The Active Transportation Needs Inventory was completed in two phases. Phase I updated ODOT’s inventory of pedestrian and bicycle facilities (e.g., sidewalks, bike lanes, paths) and identified gaps on ODOT Region 1 highways. The updated inventory data will be incorporated into ODOT’s statewide database. Phase II evaluated needs from Phase I and created a framework for identifying projects to advance as future funding opportunities become available. ODOT staff is currently conducting additional feasibility analysis for potential improvements at high need locations identified in Phase II.
Below is an informational diagram showing the process taken for the Active Transportation Needs Inventory during Phase I and Phase II:
The first two phases of this pilot project were completed between October 2014 and June 2015. ODOT staff is currently conducting additional feasibility analysis for potential improvements at high need locations identified in Phase II.
In Phase I (Oct. 2014 – Jan. 2015), the project team completed the following tasks:
- Literature Review: Completed a review of best practices for inventorying and prioritizing pedestrian and bicycle improvements.

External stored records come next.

(* Let $q$ be an odd prime power, $d\ge 2$ an even integer, and $A\subset\mathbb F_q^d$. Let $\mathcal{SQ}(A)$ be the number of pairs $(x,y)\in A\times A$ such that $\eta(\|x-y\|)=1$. Then $$\mathcal{SQ}(A)\le \frac{|A|^2}{2}+\frac{q^{\frac d2}}{2}|A|-\frac{|A|^2}{2q^{\frac d2}}-\frac{|A|}{2}.$$
   Context: For $x,y\in\mathbb F_q^d$, $\|x-y\|:=(x_1-y_1)^2+\cdots+(x_d-y_d)^2\in\mathbb F_q$. $\eta$ denotes the quadratic character of $\mathbb F_q$ with the convention $\eta(0)=0$. *)

theory Defs
  imports "HOL-Analysis.Finite_Cartesian_Product"
begin

definition qchar :: "'a::{field,finite} \<Rightarrow> int" where
  "qchar a = (if a = 0 then 0 else if (\<exists>b. b * b = a) then 1 else -1)"

definition qdist :: "'a::{field,finite} ^ 'n \<Rightarrow> 'a ^ 'n \<Rightarrow> 'a" where
  "qdist x y = (\<Sum>i\<in>UNIV. (x $ i - y $ i)^2)"

definition SQ :: "('a::{field,finite} ^ 'n) set \<Rightarrow> nat" where
  "SQ A = card {(x, y). x \<in> A \<and> y \<in> A \<and> qchar (qdist x y) = 1}"

end

theory Submission
  imports Defs "HOL-Computational_Algebra.Primes" "HOL-Computational_Algebra.Group_Closure"
begin
(* Let $r\ge 1$ be an integer, let $k_1,\dots,k_r$ be integers, and let $a,b>0$ with $ab\neq \pm 1$. Then for every integer $n\ge 0$, $$\mathbf{E}_{n}^{(k_1,\dots,k_r)}(a,b)=\sum_{i=0}^{n}\binom{n}{i} r^{n-i}(\ln a+\ln b)^i(\ln a)^{n-i}\,\mathbf{E}_{i}^{(k_1,\dots,k_r)} .$$
   Context: For integers $k_1,\dots,k_r$, the multi-polylogarithm is $Li_{(k_1,\dots,k_r)}(z)=\sum_{0<m_1<m_2<\dots<m_r}\frac{z^{m_r}}{m_1^{k_1}m_2^{k_2}\cdots m_r^{k_r}}$ (sum over integers). For $c>0$, $c^t:=e^{t\ln c}$. The Multi Poly-Euler polynomials $\mathbf{E}_n^{(k_1,\dots,k_r)}(x)$ are defined by $$\frac{2Li_{(k_1,\dots,k_r)}(1-e^{-t})}{(1+e^t)^r}e^{rxt}=\sum_{n=0}^{\infty}\mathbf{E}_{n}^{(k_1,\dots,k_r)}(x)\frac{t^n}{n!},$$ and the Multi Poly-Euler numbers are $\mathbf{E}_{n}^{(k_1,\dots,k_r)}:=\mathbf{E}_{n}^{(k_1,\dots,k_r)}(0)$. The generalized Multi Poly-Euler polynomials with parameters $a,b$ are defined by $$\frac{2Li_{(k_1,\dots,k_r)}(1-(ab)^{-t})}{(a^{-t}+b^t)^r}e^{rxt}=\sum_{n=0}^{\infty}\mathbf{E}_{n}^{(k_1,\dots,k_r)}(x;a,b)\frac{t^n}{n!},$$ and $\mathbf{E}_{n}^{(k_1,\dots,k_r)}(a,b):=\mathbf{E}_{n}^{(k_1,\dots,k_r)}(0;a,b)$. *)

theory Defs
  imports "HOL-Analysis.Analysis"
begin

Click here to view the Literature Review Memo.
- Stakeholder Interviews: Gathered input from hundreds of stakeholders by hosting over 30 meetings with Metro, city and county staff, advocacy organizations, state and local pedestrian & bicycle advisory committees, neighborhood groups, and others. Click here to view the Stakeholder Feedback Summary Memo.
- Existing Facilities Inventory: Collected field data to update ODOT’s inventory of existing pedestrian and bicycle facilities (e.g. sidewalks, crossings, bike lanes, paths) on Region 1 highways. This updated inventory data will eventually be incorporated into ODOT’s statewide database, TransGIS.
- Gaps & Deficiencies Inventory: Reviewed local adopted plans to identify desired walking and biking improvements on ODOT highways. Reviewed updated inventory data to identify locations on Region 1 highways where pedestrian or bicycle facilities are missing or do not meet ODOT standards (e.g. too narrow, in poor condition). The updated facilities inventory and gaps & deficiencies inventory are shown in the Region 1 Pedestrian and Bicycle Needs Atalas.
In Phase II (Feb. – June 2015), the project team completed the following tasks:
- Suitability Analysis: Identified evaluation criteria to screen needs identified in Phase I. Began developing a framework for identifying potential projects to advance as future funding opportunities become available. Maps of the evaluation criteria and a detailed methodology are included in the Evaluation Criteria Data and Analysis Maps Report.
- Virtual Open House: Hosted a 3-week online open house to get input on public priorities for pedestrian and bicycle facilities on ODOT's highways. Comments received via the virtual open house can be viewed by clicking the links below:
- Implementation Guidance: Developed a project summary presentation and draft implementation guidance memo.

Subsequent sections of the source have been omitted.